= Bridge fuel =

Rhetorical strategy for justifying more natural gas

A bridge fuel, bridge technology or transition fuel is a metaphor and policy framework for justifying investments in further use of natural gas as part of the energy transition.

Despite clear science that natural gas infrastructure would not be compatible with global emissions reductions the talking point was advanced by lobbyists for fossil fuel companies starting in the early 2010s. The strategy is compared to similar techno-fixes such as terms like "clean coal" or policy frameworks that overpromise the potential of technologies like carbon capture and storage.

Early climate and energy transition science from 1990s and 2000s often included natural gas power generation in modeling to help with reducing overall emissions; subsequent research has shown that it is neither compatible with zero emissions or economically viable after advances in renewable energy commercialization. The 2023 IPCC Sixth Assessment report concluded that natural gas power plants only make sense under very specific conditions with carbon capture and fugitive gas prevention technologies.

The first use of the "bridge fuel" language is documented in North America, but has been used in other contexts such as Europe and Asia. The use of "natural gas" as a bridge or transitional fuel is in policy in multiple countries, such as Vietnam and Indonesia.

== Policy and scientific context ==
As part of the energy transition and reducing carbon emissions in order to mitigate climate change, governments and policy makers typically look for power plants and other infrastructure to replace carbon-emitting infrastructure operating on coal or oil, especially for dispatchable generation for the times when variable renewable energy is not available. Communicators, lobbyists and fossil fuel companies committed to further investment in fossil fuel infrastructure often propose natural gas as a substitute for the "dirtier" emissions of coal. In particular, natural gas is often framed as a "cleaner" fossil fuel with fewer direct emissions. Some scholars have described this as an attempt of "Big gas" to take market share from the coal industry while delaying renewables.
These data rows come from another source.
(* Let $L$ and $L'$ be finite sets with $|L|=n$ and $|L'|=m$, let $\mathcal U$ be a finite set of control inputs, and let $F:L\times\mathcal U\to L'$. Say that C-uniform control inputs exist between $L$ and $L'$ if there are numbers $p(x,u)\ge 0$ ($x\in L$, $u\in\mathcal U$) with $\sum_{u\in\mathcal U}p(x,u)=1$ for every $x\in L$ and $$\sum_{x\in L}\ \sum_{u\in\mathcal U:\ F(x,u)=x'} p(x,u)\cdot\frac{1}{n}=\frac{1}{m}\quad\text{for every } x'\in L'.$$ Construct the flow network with a source $s$, a sink $t$, one node for each element of $L$ and one node for each element of $L'$; an arc $s\to x$ of capacity $m$ for each $x\in L$; an arc $x\to x'$ of capacity $m$ for each pair $x\in L$, $x'\in L'$ such that $x'=F(x,u)$ for some $u\in\mathcal U$; and an arc $x'\to t$ of capacity $n$ for each $x'\in L'$. Then C-uniform control inputs exist between $L$ and $L'$ if and only if the maximum $s$–$t$ flow in this network has value $n\cdot m$.
   Context: Here $L$ and $L'$ represent the tilings by small disjoint cells of two consecutive reachable level sets of a discrete-time system $x_{t+1}=F(x_t,u_t)$ (the level set $L_t$ being the set of states reachable from the initial state by some control sequence of length $t$), with each cell identified with a representative state, and the state distribution on $L$ assumed uniform. *)

theory Defs
  imports Complex_Main
begin

datatype ('a, 'b) fnode = Src | Snk | LN 'a | RN 'b

definition net_nodes :: "'a set \<Rightarrow> 'b set \<Rightarrow> ('a, 'b) fnode set" where
  "net_nodes L L' = {Src, Snk} \<union> LN ` L \<union> RN ` L'"
(* Let $s>1/2$ and $0\le\varepsilon<1$, and fix a constant $c_0>0$. For a real-valued mean-zero function $\phi$ on $\mathbb{T}$ (possibly depending on $t$) define the multilinear expressions \[ \widehat{B_1}(\phi)(n)=\sum_{\substack{n=n_1+n_2\\ n_1,n_2\neq n}}\frac{n(n_1^2+n_2^2)}{\Phi_2(n_1,n_2)}\widehat\phi(n_1)\widehat\phi(n_2), \] \[ \widehat{B_2}(\phi)(n)=\sum_{\substack{n=n_1+n_2+n_3\\ |\Phi_3(n_1,n_2,n_3)|\ge c_0\max_i|n_i|^4\\ n_1,n_2,n_3\neq n}}\frac{n(n_1^2+(n_2+n_3)^2)(n_2+n_3)(n_2^2+n_3^2)}{\Phi_2(n_1,n_2+n_3)\,\Phi_3(n_1,n_2,n_3)}\widehat\phi(n_1)\widehat\phi(n_2)\widehat\phi(n_3), \] where all frequencies $n,n_j$ range over $\mathbb{Z}\setminus\{0\}$ (and terms with $n_2+n_3=0$ in $B_2$ are omitted). Then for every such $\tilde u$, \[ \|B_1(\tilde u)+B_2(\tilde u)\|_{C^0_tH^{s+\varepsilon}_x}\lesssim\|\tilde u\|_{C^0_tH^s_x}^2+\|\tilde u\|_{C^0_tH^s_x}^3. \]
   Context: $\Phi_2(n_1,n_2)=(n_1+n_2)^5-n_1^5-n_2^5$ and $\Phi_3(n_1,n_2,n_3)=(n_1+n_2+n_3)^5-n_1^5-n_2^5-n_3^5$. Factors of $2\pi$ are ignored. The implicit constant may depend on $s,\varepsilon,c_0$. *)

theory Defs
  imports "HOL-Analysis.Analysis"
begin

text \<open>Functions on the torus are represented by their Fourier coefficients
  a :: int \<Rightarrow> complex. Factors of 2 pi are ignored.\<close>

definition Phi2 :: "int \<Rightarrow> int \<Rightarrow> int" where
  "Phi2 n1 n2 = (n1 + n2)^5 - n1^5 - n2^5"

definition Phi3 :: "int \<Rightarrow> int \<Rightarrow> int \<Rightarrow> int" where
  "Phi3 n1 n2 n3 = (n1 + n2 + n3)^5 - n1^5 - n2^5 - n3^5"

definition real_mean_zero :: "(int \<Rightarrow> complex) \<Rightarrow> bool" where
  "real_mean_zero a \<longleftrightarrow> a 0 = 0 \<and> (\<forall>n. a (-n) = cnj (a n))"

definition in_Hs :: "real \<Rightarrow> (int \<Rightarrow> complex) \<Rightarrow> bool" where
  "in_Hs s a \<longleftrightarrow> (\<lambda>n. (1 + (real_of_int n)^2) powr s * (cmod (a n))^2) summable_on UNIV"
definition lie_action :: "nat \<Rightarrow> mat3 \<Rightarrow> mat" where
  "lie_action d b = (\<lambda>y z. \<Sum>i<d. tensor_prod d (at_site i b) y z)"

definition agree_off :: "nat \<Rightarrow> nat \<Rightarrow> nat list \<Rightarrow> nat list \<Rightarrow> bool" where
  "agree_off d i y z \<longleftrightarrow> (\<forall>l<d. l \<noteq> i \<longrightarrow> y ! l = z ! l)"

lemma prod_indicator:
  "finite A \<Longrightarrow> (\<Prod>x\<in>A. if Q x then 1 else 0) = (if \<forall>x\<in>A. Q x then 1 else (0::'a::comm_semiring_1))"
  by (induction A rule: finite_induct) auto

lemma tensor_prod_at_site:
  assumes "i < d"
  shows "tensor_prod d (at_site i b) y z
    = (if y \<in> verts d \<and> z \<in> verts d \<and> agree_off d i y z then b (y ! i) (z ! i) else 0)"
proof -
  have "(\<Prod>l\<in>{..<d} - {i}. id3 (y ! l) (z ! l)) = (if agree_off d i y z then 1 else 0)"
    unfolding id3_def agree_off_def by (subst prod_indicator) auto
  thus ?thesis
    using assms unfolding tensor_prod_def by (simp add: prod.remove[of "{..<d}" i] at_site_def)
qed

lemma lie_action_eq: "lie_action d b y z = (if y \<in> verts d \<and> z \<in> verts d
    then \<Sum>i<d. if agree_off d i y z then b (y ! i) (z ! i) else 0 else 0)"
  unfolding lie_action_def by (auto simp: tensor_prod_at_site intro!: sum.cong)

lemma lie_action_lincomb:
  "lie_action d (\<lambda>p q. a * x p q + b * w p q) y z = a * lie_action d x y z + b * lie_action d w y z"
  unfolding lie_action_eq by (auto simp: sum_distrib_left sum.distrib[symmetric] intro!: sum.cong)

lemma lie_action_sum:
  "lie_action d (\<lambda>p q. \<Sum>u\<in>A. f u p q) y z = (\<Sum>u\<in>A. lie_action d (f u) y z)"
proof -
  have "(if P then \<Sum>u\<in>A. g u else 0) = (\<Sum>u\<in>A. if P then g u else (0::complex))" for P g
    by simp
  thus ?thesis
    unfolding lie_action_eq by (cases "y \<in> verts d \<and> z \<in> verts d") (auto simp: sum.swap[of _ "{..<d}"])
qed

lemma lie_action_cong:
  "(\<And>p q. p < 3 \<Longrightarrow> q < 3 \<Longrightarrow> x p q = w p q) \<Longrightarrow> lie_action d x = lie_action d w"
  by (intro ext, simp only: lie_action_eq) (auto intro!: sum.cong simp: verts_nth_less3)

lemma lie_action_transpose: "lie_action d (\<lambda>p q. b q p) y z = lie_action d b z y"
  unfolding lie_action_eq agree_off_def by (auto intro!: sum.cong)

lemma lie_action_bracket:
  "lie_action d (bracket3 x w) y z
     = mmult d (lie_action d x) (lie_action d w) y z - mmult d (lie_action d w) (lie_action d x) y z"
proof -
  define F where "F x w i j = tensor_prod d (\<lambda>l. mult3 (at_site i x l) (at_site j w l)) y z" for x w i j
  have product: "mmult d (lie_action d x) (lie_action d w) y z = (\<Sum>i<d. \<Sum>j<d. F x w i j)" for x w
    unfolding lie_action_def mmult_sum_sum mmult_tensor_prod F_def ..
  have commute: "F x w i j = F w x j i" if "i \<noteq> j" for i j
    unfolding F_def
    by (rule arg_cong[where f="\<lambda>T. T y z"], rule tensor_prod_cong)
       (use that in \<open>auto simp: at_site_def mult3_id3_left mult3_id3_right\<close>)
  have diagonal: "F x w i i = tensor_prod d (at_site i (mult3 x w)) y z" for x w i
    unfolding F_def
    by (rule arg_cong[where f="\<lambda>T. T y z"], rule tensor_prod_cong) (auto simp: at_site_def mult3_id3_left)
  have "mmult d (lie_action d x) (lie_action d w) y z - mmult d (lie_action d w) (lie_action d x) y z
      = (\<Sum>i<d. \<Sum>j<d. F x w i j - F w x j i)"
    unfolding product by (subst sum.swap[of _ "{..<d}" "{..<d}"]) (simp only: sum_subtractf)
  also have "\<dots> = (\<Sum>i<d. F x w i i - F w x i i)"
  proof (rule sum.cong[OF refl])
    fix i assume i: "i \<in> {..<d}"
    have "(\<Sum>j\<in>{..<d} - {i}. F x w i j - F w x j i) = 0"
      by (rule sum.neutral) (auto simp: commute)
    thus "(\<Sum>j<d. F x w i j - F w x j i) = F x w i i - F w x i i"
      using i by (simp add: sum.remove)
  qed
  also have "\<dots> = lie_action d (bracket3 x w) y z"
    unfolding diagonal lie_action_def bracket3_def
    using lie_action_lincomb[of d 1 "mult3 x w" "-1" "mult3 w x" y z]
    by (simp add: sum_subtractf lie_action_def)
  finally show ?thesis by simp
qed

definition lie_terw :: "nat \<Rightarrow> mat3 set" where
  "lie_terw d = {b. lie_action d b \<in> terw d}"

lemma lie_terw_lincomb:
  "x \<in> lie_terw d \<Longrightarrow> w \<in> lie_terw d \<Longrightarrow> (\<lambda>p q. a * x p q + b * w p q) \<in> lie_terw d"
  unfolding lie_terw_def mem_Collect_eq
  by (rule terw_cong[OF terw_lincomb[of "lie_action d x" d "lie_action d w" a b]])
     (simp_all add: lie_action_lincomb)

lemma lie_terw_sum:
  "finite A \<Longrightarrow> (\<And>u. u \<in> A \<Longrightarrow> f u \<in> lie_terw d) \<Longrightarrow> (\<lambda>p q. \<Sum>u\<in>A. f u p q) \<in> lie_terw d"
  unfolding lie_terw_def mem_Collect_eq
  by (rule terw_cong[OF terw_sum[of A "\<lambda>u. lie_action d (f u)" d]]) (simp_all add: lie_action_sum)

lemma lie_terw_cong:
  "x \<in> lie_terw d \<Longrightarrow> (\<And>p q. p < 3 \<Longrightarrow> q < 3 \<Longrightarrow> x p q = w p q) \<Longrightarrow> w \<in> lie_terw d"
  unfolding lie_terw_def using lie_action_cong[of x w d] by simp

lemma lie_terw_bracket: "x \<in> lie_terw d \<Longrightarrow> w \<in> lie_terw d \<Longrightarrow> bracket3 x w \<in> lie_terw d"
  unfolding lie_terw_def mem_Collect_eq
  by (rule terw_cong[OF terw_lincomb[OF terw.mult terw.mult, where a=1 and b="-1"]])
     (simp_all add: lie_action_bracket)

lemma of_nat_count_list_conv_sum:
  "of_nat (count_list ys a) = (\<Sum>i<length ys. if ys ! i = a then 1 else 0 :: 'b::semiring_1)"
proof (induction ys)
  case (Cons x xs)
  have "(\<Sum>i<length (x # xs). if (x # xs) ! i = a then 1 else 0 :: 'b)
      = (if x = a then 1 else 0) + (\<Sum>i<length xs. if xs ! i = a then 1 else 0)"
    by (subst length_Cons, subst sum.lessThan_Suc_shift) simp
  then show ?case using Cons by simp
qed simp

lemma count_list_verts:
  assumes "y \<in> verts d" "a < 3"
  shows "count_list y a = [d - count_list y 1 - count_list y 2, count_list y 1, count_list y 2] ! a"
proof -
  have "set y \<subseteq> {0,1,2} \<Longrightarrow> count_list y 0 + count_list y 1 + count_list y 2 = length y"
    by (induction y) auto
  thus ?thesis using assms unfolding verts_def less3_cases by auto
qed
(* Under the standing setup, assume that $f$ is bounded, i.e. $\sup_{q\in\mathcal P}\|f_q\|_\infty<\infty$. Let $u_0\in\mathbb R^d$ and $u(t):=\mathscr S(t)u_0$ for $t\ge0$. Then $u\in C^1([0,\infty);\mathbb R^d)$ is the unique classical solution of $u'(t)=\mathcal Qu(t)$ for $t\ge0$ with $u(0)=u_0$.
   Context: Standing setup: $d\in\mathbb N$; vectors in $\mathbb R^d$ with $\|u\|_\infty=\max_i|u_i|$; inequalities and suprema of vectors are componentwise; reals are identified with constant vectors. A $Q$-matrix is $q\in\mathbb R^{d\times d}$ with $q_{ii}\le0$, $q_{ij}\ge0$ ($i\ne j$), $\sum_jq_{ij}=0$. Let $\mathcal P$ be a set of $Q$-matrices and $f=(f_q)_{q\in\mathcal P}\subset\mathbb R^d$ with $\sup_{q\in\mathcal P}f_q=f_{q_0}=0$ for some $q_0\in\mathcal P$, such that $\mathcal Qu:=\sup_{q\in\mathcal P}(qu+f_q)$ is finite for every $u\in\mathbb R^d$. For $q\in\mathcal P$, $t\ge0$: $S_q(t)u_0:=e^{tq}u_0+\int_0^te^{sq}f_q\,ds$. For $h\ge0$: $\mathcal E_hu_0:=\sup_{q\in\mathcal P}S_q(h)u_0$. $P$ is the set of finite subsets $\pi\subset[0,\infty)$ with $0\in\pi$; $P_t:=\{\pi\in P:\max\pi=t\}$. For $\pi=\{t_0,\dots,t_m\}$ with $0=t_0<\dots<t_m$, $m\ge1$, $\mathcal E_\pi:=\mathcal E_{t_1-t_0}\circ\cdots\circ\mathcal E_{t_m-t_{m-1}}$, and $\mathcal E_{\{0\}}:=\mathcal E_0$. The Nisio semigroup of $(\mathcal P,f)$ is $\mathscr S(t)u_0:=\sup_{\pi\in P_t}\mathcal E_\pi u_0$. *)

theory Defs
  imports "HOL-Analysis.Analysis"
begin
(* For any probability distribution $P_{XY}$ on finite $\mathcal X\times\mathcal Y$, $\lim_{\alpha\to1^-}U_\alpha(X;Y)=U(X;Y)$ and $\lim_{\alpha\to1^+}U_\alpha(X;Y)=U(X;Y)$.
   Context: $D(P\|Q)=\sum P\log(P/Q)$ ($0\log(0/q)=0$; $+\infty$ if $P\not\ll Q$). For $\alpha\in(0,1)\cup(1,\infty)$, $D_\alpha(P\|Q)=\frac1{\alpha-1}\log\sum_{x:P(x)>0}P(x)^\alpha Q(x)^{1-\alpha}$ ($+\infty$ if $\alpha>1$ and $P\not\ll Q$). With $P_X$ the $X$-marginal: $U(X;Y)=\min_{Q_Y}D(P_X\times Q_Y\|P_{XY})$ and the Rényi umlaut information is $U_\alpha(X;Y)=\min_{Q_Y}D_\alpha(P_X\times Q_Y\|P_{XY})$. *)

theory Defs
  imports "HOL-Analysis.Analysis"
begin

definition is_dist :: "('a::finite \<Rightarrow> real) \<Rightarrow> bool" where
  "is_dist P \<longleftrightarrow> (\<forall>a. 0 \<le> P a) \<and> (\<Sum>a\<in>UNIV. P a) = 1"

definition abs_cont :: "('a \<Rightarrow> real) \<Rightarrow> ('a \<Rightarrow> real) \<Rightarrow> bool" where
  "abs_cont P Q \<longleftrightarrow> (\<forall>a. 0 < P a \<longrightarrow> 0 < Q a)"

definition kl_div :: "('a::finite \<Rightarrow> real) \<Rightarrow> ('a \<Rightarrow> real) \<Rightarrow> ereal" where
  "kl_div P Q = (if abs_cont P Q
     then ereal (\<Sum>a\<in>{a. 0 < P a}. P a * ln (P a / Q a))
     else \<infinity>)"

text \<open>Renyi divergence of order alpha. For alpha > 1 and P not << Q it is +infinity.
  If the sum vanishes (only possible for alpha < 1), log 0 = -infinity and
  1/(alpha-1) < 0, so the value is +infinity.\<close>
definition renyi_div :: "real \<Rightarrow> ('a::finite \<Rightarrow> real) \<Rightarrow> ('a \<Rightarrow> real) \<Rightarrow> ereal" where
  "renyi_div \<alpha> P Q =
    (let s = (\<Sum>a\<in>{a. 0 < P a}. P a powr \<alpha> * Q a powr (1 - \<alpha>)) in
     if (1 < \<alpha> \<and> \<not> abs_cont P Q) \<or> s = 0 then \<infinity>
     else ereal (ln s / (\<alpha> - 1)))"

definition marg_X :: "('x::finite \<times> 'y::finite \<Rightarrow> real) \<Rightarrow> 'x \<Rightarrow> real" where
  "marg_X P x = (\<Sum>y\<in>UNIV. P (x, y))"

definition umlaut :: "('x::finite \<times> 'y::finite \<Rightarrow> real) \<Rightarrow> ereal" where
  "umlaut P = (INF Q\<in>{Q::'y \<Rightarrow> real. is_dist Q}.
      kl_div (\<lambda>(x, y). marg_X P x * Q y) P)"

definition renyi_umlaut :: "real \<Rightarrow> ('x::finite \<times> 'y::finite \<Rightarrow> real) \<Rightarrow> ereal" where
  "renyi_umlaut \<alpha> P = (INF Q\<in>{Q::'y \<Rightarrow> real. is_dist Q}.
      renyi_div \<alpha> (\<lambda>(x, y). marg_X P x * Q y) P)"

end

theory Submission
  imports Defs "HOL-Real_Asymp.Real_Asymp"
begin

(*
  For \<alpha> > 1, Jensen's inequality gives D \<le> D\<^sub>\<alpha>, so U \<le> U\<^sub>\<alpha>. For a fixed Q with
  P\<^sub>X \<times> Q \<ll> P\<^sub>X\<^sub>Y, D\<^sub>\<alpha> = ln (\<Sum> A\<^sup>\<alpha> B\<^sup>1\<^sup>-\<^sup>\<alpha>) / (\<alpha> - 1) is the difference quotient at 1 of a
  function with derivative D there, so D\<^sub>\<alpha> \<rightarrow> D; hence U\<^sub>\<alpha> eventually drops below any
  bound above U, from both sides.

  The remaining bound, liminf U\<^sub>\<alpha> \<ge> U as \<alpha> \<rightarrow> 1 from below, exchanges the infimum over Q
  with the limit in \<alpha>. For \<alpha> < 1, ln s \<le> s - 1 bounds D\<^sub>\<alpha> from below by the Hellinger
  divergence H\<^sub>\<alpha> = (1 - \<Sum> A\<^sup>\<alpha> B\<^sup>1\<^sup>-\<^sup>\<alpha>) / (1 - \<alpha>), which is continuous in Q, nondecreasing
  in \<alpha> and tends to D (possibly \<infinity>). By compactness of the simplex of Q, as in Dini's
  theorem, a single \<alpha> < 1 makes H\<^sub>\<alpha> exceed any c < U for all Q at once.
*)

lemma sum_over_support:
  fixes A :: "'a::finite \<Rightarrow> real"
  assumes "\<And>a. 0 \<le> A a" and "\<And>a. A a = 0 \<Longrightarrow> f a = 0"
  shows "(\<Sum>a\<in>{a. 0 < A a}. f a) = (\<Sum>a\<in>UNIV. f a)"
  by (rule sum.mono_neutral_left) (use assms in \<open>auto simp: less_le\<close>)

lemma powr_mult_powr_le_convex_comb:
  fixes a b t :: real
  assumes "0 \<le> a" "0 \<le> b" "0 \<le> t" "t \<le> 1"
  shows "a powr t * b powr (1 - t) \<le> t * a + (1 - t) * b"
  using Youngs_inequality_0[of t "1 - t" a b] assms by (cases "a = 0 \<or> b = 0") auto

lemma compact_mono_family_uniform_gt:
  fixes f :: "'i::linorder \<Rightarrow> 'a::topological_space \<Rightarrow> real"
  assumes "compact K" and "I \<noteq> {}"
    and cont: "\<And>i. i \<in> I \<Longrightarrow> continuous_on K (f i)"
    and mono: "\<And>i j x. i \<in> I \<Longrightarrow> j \<in> I \<Longrightarrow> i \<le> j \<Longrightarrow> x \<in> K \<Longrightarrow> f i x \<le> f j x"
    and gt: "\<And>x. x \<in> K \<Longrightarrow> \<exists>i\<in>I. c < f i x"
  shows "\<exists>i\<in>I. \<forall>x\<in>K. c < f i x"
proof -
  have "\<exists>U. open U \<and> U \<inter> K = f i -` {c<..} \<inter> K" if "i \<in> I" for i
    using cont[OF that] open_greaterThan by (auto simp: continuous_on_open_invariant)
  then obtain U where U: "\<And>i. i \<in> I \<Longrightarrow> open (U i) \<and> U i \<inter> K = f i -` {c<..} \<inter> K"
    by metis
  have "K \<subseteq> (\<Union>i\<in>I. U i)"
    using gt U by fastforce
  then obtain J where J: "J \<subseteq> I" "finite J" "K \<subseteq> (\<Union>i\<in>J. U i)"
    using compactE_image[OF \<open>compact K\<close>, of I U] U by blast
  show ?thesis
  proof (cases "J = {}")
    case True
    then show ?thesis using J(3) \<open>I \<noteq> {}\<close> by auto
  next
    case False
    have Max_J: "Max J \<in> I" "\<And>i. i \<in> J \<Longrightarrow> i \<le> Max J"
      using J(1,2) False Max_in by auto
    have "c < f (Max J) x" if "x \<in> K" for x
    proof -
      obtain i where "i \<in> J" "x \<in> U i" using J(3) \<open>x \<in> K\<close> by blast
      then have "c < f i x" using U J(1) \<open>x \<in> K\<close> by blast
      also have "f i x \<le> f (Max J) x"
        using \<open>i \<in> J\<close> J(1) Max_J \<open>x \<in> K\<close> by (intro mono) auto
      finally show ?thesis .
    qed
    then show ?thesis using Max_J(1) by blast
  qed
qed

text \<open>For a distribution A this is (1 - \<Sum>a. A a powr \<alpha> * B a powr (1 - \<alpha>)) / (1 - \<alpha>); the
  termwise form turns monotonicity in \<alpha> and the limit \<alpha> \<rightarrow> 1 into facts about single summands.\<close>
definition hellinger_div :: "real \<Rightarrow> ('a::finite \<Rightarrow> real) \<Rightarrow> ('a \<Rightarrow> real) \<Rightarrow> real" where
  "hellinger_div \<alpha> A B = (\<Sum>a\<in>UNIV. A a - A a powr \<alpha> * B a powr (1 - \<alpha>)) / (1 - \<alpha>)"

lemma hellinger_div_le_renyi_div:
  assumes "is_dist A" and "\<alpha> < 1"
  shows "ereal (hellinger_div \<alpha> A B) \<le> renyi_div \<alpha> A B"
proof -
  define s where "s = (\<Sum>a\<in>{a. 0 < A a}. A a powr \<alpha> * B a powr (1 - \<alpha>))"
  have A0: "\<And>a. 0 \<le> A a" and sA: "sum A UNIV = 1"
    using assms(1) by (auto simp: is_dist_def)
  have "s = (\<Sum>a\<in>UNIV. A a powr \<alpha> * B a powr (1 - \<alpha>))"
    unfolding s_def using A0 by (intro sum_over_support) auto
  then have H: "hellinger_div \<alpha> A B = (1 - s) / (1 - \<alpha>)"
    by (simp add: hellinger_div_def sum_subtractf sA)
  show ?thesis
  proof (cases "s = 0")
    case True
    then show ?thesis by (simp add: renyi_div_def s_def[symmetric])
  next
    case False
    moreover have "0 \<le> s" unfolding s_def by (intro sum_nonneg) auto
    ultimately have "ln s \<le> s - 1" by (intro ln_le_minus_one) simp
    then have "(1 - s) / (1 - \<alpha>) \<le> - ln s / (1 - \<alpha>)"
      using assms(2) by (intro divide_right_mono) auto
    also have "\<dots> = ln s / (\<alpha> - 1)"
      by (simp add: divide_simps) (simp add: algebra_simps)
    finally have "(1 - s) / (1 - \<alpha>) \<le> ln s / (\<alpha> - 1)" .
    then show ?thesis
      using False assms(2) by (simp add: renyi_div_def s_def[symmetric] H)
  qed
qed

lemma kl_div_le_renyi_div:
  assumes "is_dist A" and "1 < \<alpha>"
  shows "kl_div A B \<le> renyi_div \<alpha> A B"
proof (cases "abs_cont A B")
  case False
  then show ?thesis using assms(2) by (simp add: renyi_div_def)
next
  case True
  define S where "S = {a. 0 < A a}"
  define s where "s = (\<Sum>a\<in>S. A a powr \<alpha> * B a powr (1 - \<alpha>))"
  define r where "r = (\<lambda>a. (A a / B a) powr (\<alpha> - 1))"
  have A0: "\<And>a. 0 \<le> A a" and sA: "sum A UNIV = 1"
    using assms(1) by (auto simp: is_dist_def)
  have pos: "0 < A a" "0 < B a" if "a \<in> S" for a
    using that True by (auto simp: S_def abs_cont_def)
  have sAS: "sum A S = 1"
    unfolding S_def using A0 sA by (subst sum_over_support) auto
  have "r a \<in> {0<..}" if "a \<in> S" for a
    using pos[OF that] by (simp add: r_def)
  then have "(\<Sum>a\<in>S. A a * ln (r a)) \<le> ln (\<Sum>a\<in>S. A a *\<^sub>R r a)"
    using sAS A0 by (intro concave_on_sum[OF _ _ ln_concave]) auto
  moreover have "(\<Sum>a\<in>S. A a * ln (r a)) = (\<alpha> - 1) * (\<Sum>a\<in>S. A a * ln (A a / B a))"
    using pos by (simp add: r_def sum_distrib_left algebra_simps)
  moreover have "A a *\<^sub>R r a = A a powr \<alpha> * B a powr (1 - \<alpha>)" if "a \<in> S" for a
    using pos[OF that] by (simp add: r_def powr_divide powr_diff field_simps)
  then have "(\<Sum>a\<in>S. A a *\<^sub>R r a) = s"
    unfolding s_def by (rule sum.cong[OF refl])
  ultimately have "(\<Sum>a\<in>S. A a * ln (A a / B a)) \<le> ln s / (\<alpha> - 1)"
    using assms(2) by (simp add: field_simps)
  then show ?thesis
    using True by (simp add: renyi_div_def kl_div_def Let_def s_def S_def)
qed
While early evaluations, including early IPCC reports, assumed natural gas would be an important part of the energy transition, recent scholarship has consistently shown that it is inconsistent with emission reductions goals. The IPCC Sixth Assessment report describing "unabated gas", or gas without 90% emissions reductions through carbon capture and storage, not compatible with international emissions reductions goals. Multiple reviews of policy initiatives that used natural gas as a bridge fuel from coal or oil, found that the claims of lower lifecycle greenhouse emissions are often untrue when factoring in the 35+ year lifecycle of the infrastructure as plants become stranded assets and fugitive emissions from extraction and leaks during transport. Policy frameworks that use bridge fuels consistently overpromise the reduction in emissions and the cost effectiveness of using fossil fuels, instead of investing in renewable energy and other zero carbon technologies.

Other fuels such as biofuel and green hydrogen can often use the same infrastructure as oil or natural gas, so are sometimes treated as a substitutable fuel and policies to use these get described as bridge fuels. Though most climate modeling suggests that these alternative fuels are important for hard-to-abate sectors (such as high-heat industries and aviation), most technologies can rely on renewable energy.

== In different geographies ==
Multiple studies have found that North American policy makers and fossil fuel companies particularly promoted this frame in light of the North American shale gas boom. Notably politicians in the United States, from both political parties argued for natural gas as a bridge away from coal, including Barack Obama.

Countries like Germany in Europe, often have built plans for coal phase-out that include natural gas or hydrogen as transitional fuels. The European natural gas industry aggressively promoted policies which advanced use of natural gas in both EU wide and national energy policies. Despite energy planning documents relying on natural gas as a bridge fuel, a 2023 evaluation of the economics of gas as a bridge fuel found it not to be an "economically justified" policy strategy.

In China, the bridge fuel narrative never took hold, instead nationalist energy rhetoric focused on energy independence.

Countries such as India, Malaysia and Vietnam, often have natural gas as a "transition fuel" factored into their policy frameworks for energy transition.